-- Activity --
State how many lines in the entries below hold the word "using", with nothing besides the number.

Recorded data
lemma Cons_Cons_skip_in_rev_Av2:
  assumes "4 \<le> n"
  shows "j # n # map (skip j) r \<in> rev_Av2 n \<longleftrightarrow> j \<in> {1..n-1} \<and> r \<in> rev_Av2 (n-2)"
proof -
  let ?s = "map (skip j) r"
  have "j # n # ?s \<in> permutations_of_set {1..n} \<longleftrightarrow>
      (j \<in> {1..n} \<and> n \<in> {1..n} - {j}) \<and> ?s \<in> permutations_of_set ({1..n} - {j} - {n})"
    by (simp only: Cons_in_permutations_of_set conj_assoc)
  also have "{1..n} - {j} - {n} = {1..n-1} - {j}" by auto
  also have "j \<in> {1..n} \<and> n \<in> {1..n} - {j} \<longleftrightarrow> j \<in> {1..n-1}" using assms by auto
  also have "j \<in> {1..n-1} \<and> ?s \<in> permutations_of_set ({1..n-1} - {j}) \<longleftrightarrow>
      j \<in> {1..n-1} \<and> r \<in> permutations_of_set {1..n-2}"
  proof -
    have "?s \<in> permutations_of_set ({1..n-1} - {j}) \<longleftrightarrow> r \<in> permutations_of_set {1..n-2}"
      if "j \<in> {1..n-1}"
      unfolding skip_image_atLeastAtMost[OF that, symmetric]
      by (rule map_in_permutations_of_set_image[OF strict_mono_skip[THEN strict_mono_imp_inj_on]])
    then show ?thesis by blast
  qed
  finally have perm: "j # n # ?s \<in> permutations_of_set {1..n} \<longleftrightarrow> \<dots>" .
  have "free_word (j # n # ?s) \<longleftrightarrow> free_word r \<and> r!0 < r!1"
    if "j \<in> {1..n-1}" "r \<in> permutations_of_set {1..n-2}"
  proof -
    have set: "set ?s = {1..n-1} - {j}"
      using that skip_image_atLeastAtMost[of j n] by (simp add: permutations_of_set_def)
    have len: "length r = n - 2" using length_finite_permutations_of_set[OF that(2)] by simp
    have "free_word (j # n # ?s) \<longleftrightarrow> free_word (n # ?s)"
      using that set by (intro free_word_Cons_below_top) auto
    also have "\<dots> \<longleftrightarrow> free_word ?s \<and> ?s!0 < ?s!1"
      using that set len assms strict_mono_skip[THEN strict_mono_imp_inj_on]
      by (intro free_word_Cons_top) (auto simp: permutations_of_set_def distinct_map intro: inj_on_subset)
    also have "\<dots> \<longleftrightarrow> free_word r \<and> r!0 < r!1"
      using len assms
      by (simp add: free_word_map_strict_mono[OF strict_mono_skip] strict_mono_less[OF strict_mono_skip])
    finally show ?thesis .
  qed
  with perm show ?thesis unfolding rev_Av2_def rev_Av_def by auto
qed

...

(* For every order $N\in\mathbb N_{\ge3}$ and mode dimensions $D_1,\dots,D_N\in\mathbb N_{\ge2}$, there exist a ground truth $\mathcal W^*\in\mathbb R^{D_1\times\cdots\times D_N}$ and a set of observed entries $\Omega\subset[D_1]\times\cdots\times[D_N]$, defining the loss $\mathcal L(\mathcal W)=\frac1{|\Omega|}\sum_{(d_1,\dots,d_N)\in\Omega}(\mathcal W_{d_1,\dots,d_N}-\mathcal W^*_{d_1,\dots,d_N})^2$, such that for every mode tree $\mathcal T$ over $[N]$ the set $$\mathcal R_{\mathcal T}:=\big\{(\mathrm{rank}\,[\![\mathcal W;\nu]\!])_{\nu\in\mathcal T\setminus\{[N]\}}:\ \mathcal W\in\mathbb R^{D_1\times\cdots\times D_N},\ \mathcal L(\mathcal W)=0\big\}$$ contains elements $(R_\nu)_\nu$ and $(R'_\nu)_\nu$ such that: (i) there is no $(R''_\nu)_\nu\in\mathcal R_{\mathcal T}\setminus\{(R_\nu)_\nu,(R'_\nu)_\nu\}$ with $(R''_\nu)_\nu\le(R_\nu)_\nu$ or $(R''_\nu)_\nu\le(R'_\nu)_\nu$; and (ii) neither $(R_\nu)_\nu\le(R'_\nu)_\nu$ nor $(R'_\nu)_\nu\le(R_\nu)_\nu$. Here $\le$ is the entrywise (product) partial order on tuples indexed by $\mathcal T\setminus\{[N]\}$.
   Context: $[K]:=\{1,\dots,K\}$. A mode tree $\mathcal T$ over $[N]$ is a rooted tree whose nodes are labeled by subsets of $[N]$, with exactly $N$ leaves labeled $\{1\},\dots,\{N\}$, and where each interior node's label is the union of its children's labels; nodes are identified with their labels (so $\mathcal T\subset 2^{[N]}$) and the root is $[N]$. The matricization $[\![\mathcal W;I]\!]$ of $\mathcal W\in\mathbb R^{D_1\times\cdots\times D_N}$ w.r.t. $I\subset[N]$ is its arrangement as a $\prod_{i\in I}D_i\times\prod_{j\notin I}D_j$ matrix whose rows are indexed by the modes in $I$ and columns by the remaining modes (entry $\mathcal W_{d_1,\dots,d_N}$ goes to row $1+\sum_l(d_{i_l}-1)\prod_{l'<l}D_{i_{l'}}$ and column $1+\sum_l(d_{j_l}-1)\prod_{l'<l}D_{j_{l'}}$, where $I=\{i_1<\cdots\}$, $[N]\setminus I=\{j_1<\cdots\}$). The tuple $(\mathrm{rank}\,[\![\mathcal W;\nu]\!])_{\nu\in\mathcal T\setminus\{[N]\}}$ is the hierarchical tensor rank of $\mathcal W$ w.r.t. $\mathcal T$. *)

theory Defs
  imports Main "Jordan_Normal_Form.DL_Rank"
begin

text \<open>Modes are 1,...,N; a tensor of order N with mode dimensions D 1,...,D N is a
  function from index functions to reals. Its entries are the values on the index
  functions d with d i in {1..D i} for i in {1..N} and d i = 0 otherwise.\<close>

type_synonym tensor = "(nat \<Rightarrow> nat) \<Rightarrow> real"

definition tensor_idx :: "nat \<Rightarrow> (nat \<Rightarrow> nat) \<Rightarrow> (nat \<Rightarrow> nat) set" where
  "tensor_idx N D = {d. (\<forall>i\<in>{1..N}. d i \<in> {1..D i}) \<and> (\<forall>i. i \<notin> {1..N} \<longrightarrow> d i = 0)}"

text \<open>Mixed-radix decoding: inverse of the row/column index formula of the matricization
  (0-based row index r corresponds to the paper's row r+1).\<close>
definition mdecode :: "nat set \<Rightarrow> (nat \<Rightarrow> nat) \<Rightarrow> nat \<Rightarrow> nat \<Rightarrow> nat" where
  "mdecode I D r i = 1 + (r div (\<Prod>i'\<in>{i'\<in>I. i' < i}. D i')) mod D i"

-- Answer to this problem --
6